Required work —
Read the listing below and copy out each line where the word "begin" occurs.

Data provided —

[Start of Attachment]

(* Let $I\ge1$ and $B\ge1$ be integers. For real weights $b_{-B},\dots,b_B$ call the $I\times I$ matrix $\mathbf{B}$ defined by $(\mathbf{B}\mathbf{f})_i=\sum_{j=-B}^{B}b_j\,\mathrm{f}_{i+j}$ (indices taken periodically modulo $I$) a periodic convolution matrix; call it zero-sum if $\sum_{j=-B}^{B}b_j=0$ (e.g. when $b_j=\tilde b_j-\frac{1}{2B+1}\sum_{k=-B}^B\tilde b_k$ for arbitrary $\tilde b$). For $m=1,2,3$ let $$\mathcal{B}_m=\begin{bmatrix}\mathbf{B}_m^{11}&\mathbf{B}_m^{12}\\ \mathbf{B}_m^{21}&\mathbf{B}_m^{22}\end{bmatrix}\in\mathbb{R}^{2I\times2I},$$ where each $\mathbf{B}_m^{jl}$ is a periodic convolution matrix and $\mathbf{B}_m^{11},\mathbf{B}_m^{21}$ are zero-sum, for $m=1,2,3$. Let $\boldsymbol{\Omega}\in\mathbb{R}^{I\times I}$ be diagonal with positive entries, $\boldsymbol{\Omega}_2=\mathrm{diag}(\boldsymbol{\Omega},\boldsymbol{\Omega})$, and let $f_H:\mathbb{R}^I\to\mathbb{R}^I$ satisfy $\mathbf{1}_I^T\boldsymbol{\Omega}f_H(\bar{\mathbf{u}})=0$ for all $\bar{\mathbf{u}}$. Let $\mathbf{k}(\mathbf{a}),\mathbf{q}(\mathbf{a})\in\mathbb{R}^{2I\times 2I}$ be arbitrary diagonal matrices depending on $\mathbf{a}$. For $\mathbf{a}=(\bar{\mathbf{u}},\mathbf{s})\in\mathbb{R}^{2I}$ set $$\mathcal{G}(\mathbf{a})=\begin{bmatrix}f_H(\bar{\mathbf{u}})\\ \mathbf{0}\end{bmatrix}+\boldsymbol{\Omega}_2^{-1}\big(\mathcal{B}_2^T\mathbf{k}(\mathbf{a})\mathcal{B}_3-\mathcal{B}_3^T\mathbf{k}(\mathbf{a})\mathcal{B}_2\big)\mathbf{a}-\boldsymbol{\Omega}_2^{-1}\mathcal{B}_1^T\mathbf{q}(\mathbf{a})^2\mathcal{B}_1\mathbf{a}.$$ Then for every $\mathbf{a}$, $\begin{bmatrix}\mathbf{1}_I\\ \mathbf{0}\end{bmatrix}^T\boldsymbol{\Omega}_2\,\mathcal{G}(\mathbf{a})=0$; consequently along any solution of $\frac{d\mathbf{a}}{dt}=\mathcal{G}(\mathbf{a})$ the discrete momentum $\mathbf{1}_I^T\boldsymbol{\Omega}\bar{\mathbf{u}}$ is constant in time, for all values of the weights and of $\mathbf{k},\mathbf{q}$.
   Context: This is the structure-preserving closure model with periodic boundary conditions: $\bar{\mathbf{u}}$ is the coarse-grid filtered solution, $\mathbf{s}$ auxiliary subgrid-scale variables, $f_H$ a momentum-conserving coarse-grid discretization, and $\mathbf{k},\mathbf{q}$ are diagonal fields produced by a neural network. $\mathbf{1}_I$ is the all-ones vector in $\mathbb{R}^I$. *)

theory Defs
  imports Complex_Main "Jordan_Normal_Form.Matrix"
begin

[End of Attachment]

Answer below —
(* Let $I\ge1$ and $B\ge1$ be integers. For real weights $b_{-B},\dots,b_B$ call the $I\times I$ matrix $\mathbf{B}$ defined by $(\mathbf{B}\mathbf{f})_i=\sum_{j=-B}^{B}b_j\,\mathrm{f}_{i+j}$ (indices taken periodically modulo $I$) a periodic convolution matrix; call it zero-sum if $\sum_{j=-B}^{B}b_j=0$ (e.g. when $b_j=\tilde b_j-\frac{1}{2B+1}\sum_{k=-B}^B\tilde b_k$ for arbitrary $\tilde b$). For $m=1,2,3$ let $$\mathcal{B}_m=\begin{bmatrix}\mathbf{B}_m^{11}&\mathbf{B}_m^{12}\\ \mathbf{B}_m^{21}&\mathbf{B}_m^{22}\end{bmatrix}\in\mathbb{R}^{2I\times2I},$$ where each $\mathbf{B}_m^{jl}$ is a periodic convolution matrix and $\mathbf{B}_m^{11},\mathbf{B}_m^{21}$ are zero-sum, for $m=1,2,3$. Let $\boldsymbol{\Omega}\in\mathbb{R}^{I\times I}$ be diagonal with positive entries, $\boldsymbol{\Omega}_2=\mathrm{diag}(\boldsymbol{\Omega},\boldsymbol{\Omega})$, and let $f_H:\mathbb{R}^I\to\mathbb{R}^I$ satisfy $\mathbf{1}_I^T\boldsymbol{\Omega}f_H(\bar{\mathbf{u}})=0$ for all $\bar{\mathbf{u}}$. Let $\mathbf{k}(\mathbf{a}),\mathbf{q}(\mathbf{a})\in\mathbb{R}^{2I\times 2I}$ be arbitrary diagonal matrices depending on $\mathbf{a}$. For $\mathbf{a}=(\bar{\mathbf{u}},\mathbf{s})\in\mathbb{R}^{2I}$ set $$\mathcal{G}(\mathbf{a})=\begin{bmatrix}f_H(\bar{\mathbf{u}})\\ \mathbf{0}\end{bmatrix}+\boldsymbol{\Omega}_2^{-1}\big(\mathcal{B}_2^T\mathbf{k}(\mathbf{a})\mathcal{B}_3-\mathcal{B}_3^T\mathbf{k}(\mathbf{a})\mathcal{B}_2\big)\mathbf{a}-\boldsymbol{\Omega}_2^{-1}\mathcal{B}_1^T\mathbf{q}(\mathbf{a})^2\mathcal{B}_1\mathbf{a}.$$ Then for every $\mathbf{a}$, $\begin{bmatrix}\mathbf{1}_I\\ \mathbf{0}\end{bmatrix}^T\boldsymbol{\Omega}_2\,\mathcal{G}(\mathbf{a})=0$; consequently along any solution of $\frac{d\mathbf{a}}{dt}=\mathcal{G}(\mathbf{a})$ the discrete momentum $\mathbf{1}_I^T\boldsymbol{\Omega}\bar{\mathbf{u}}$ is constant in time, for all values of the weights and of $\mathbf{k},\mathbf{q}$.
begin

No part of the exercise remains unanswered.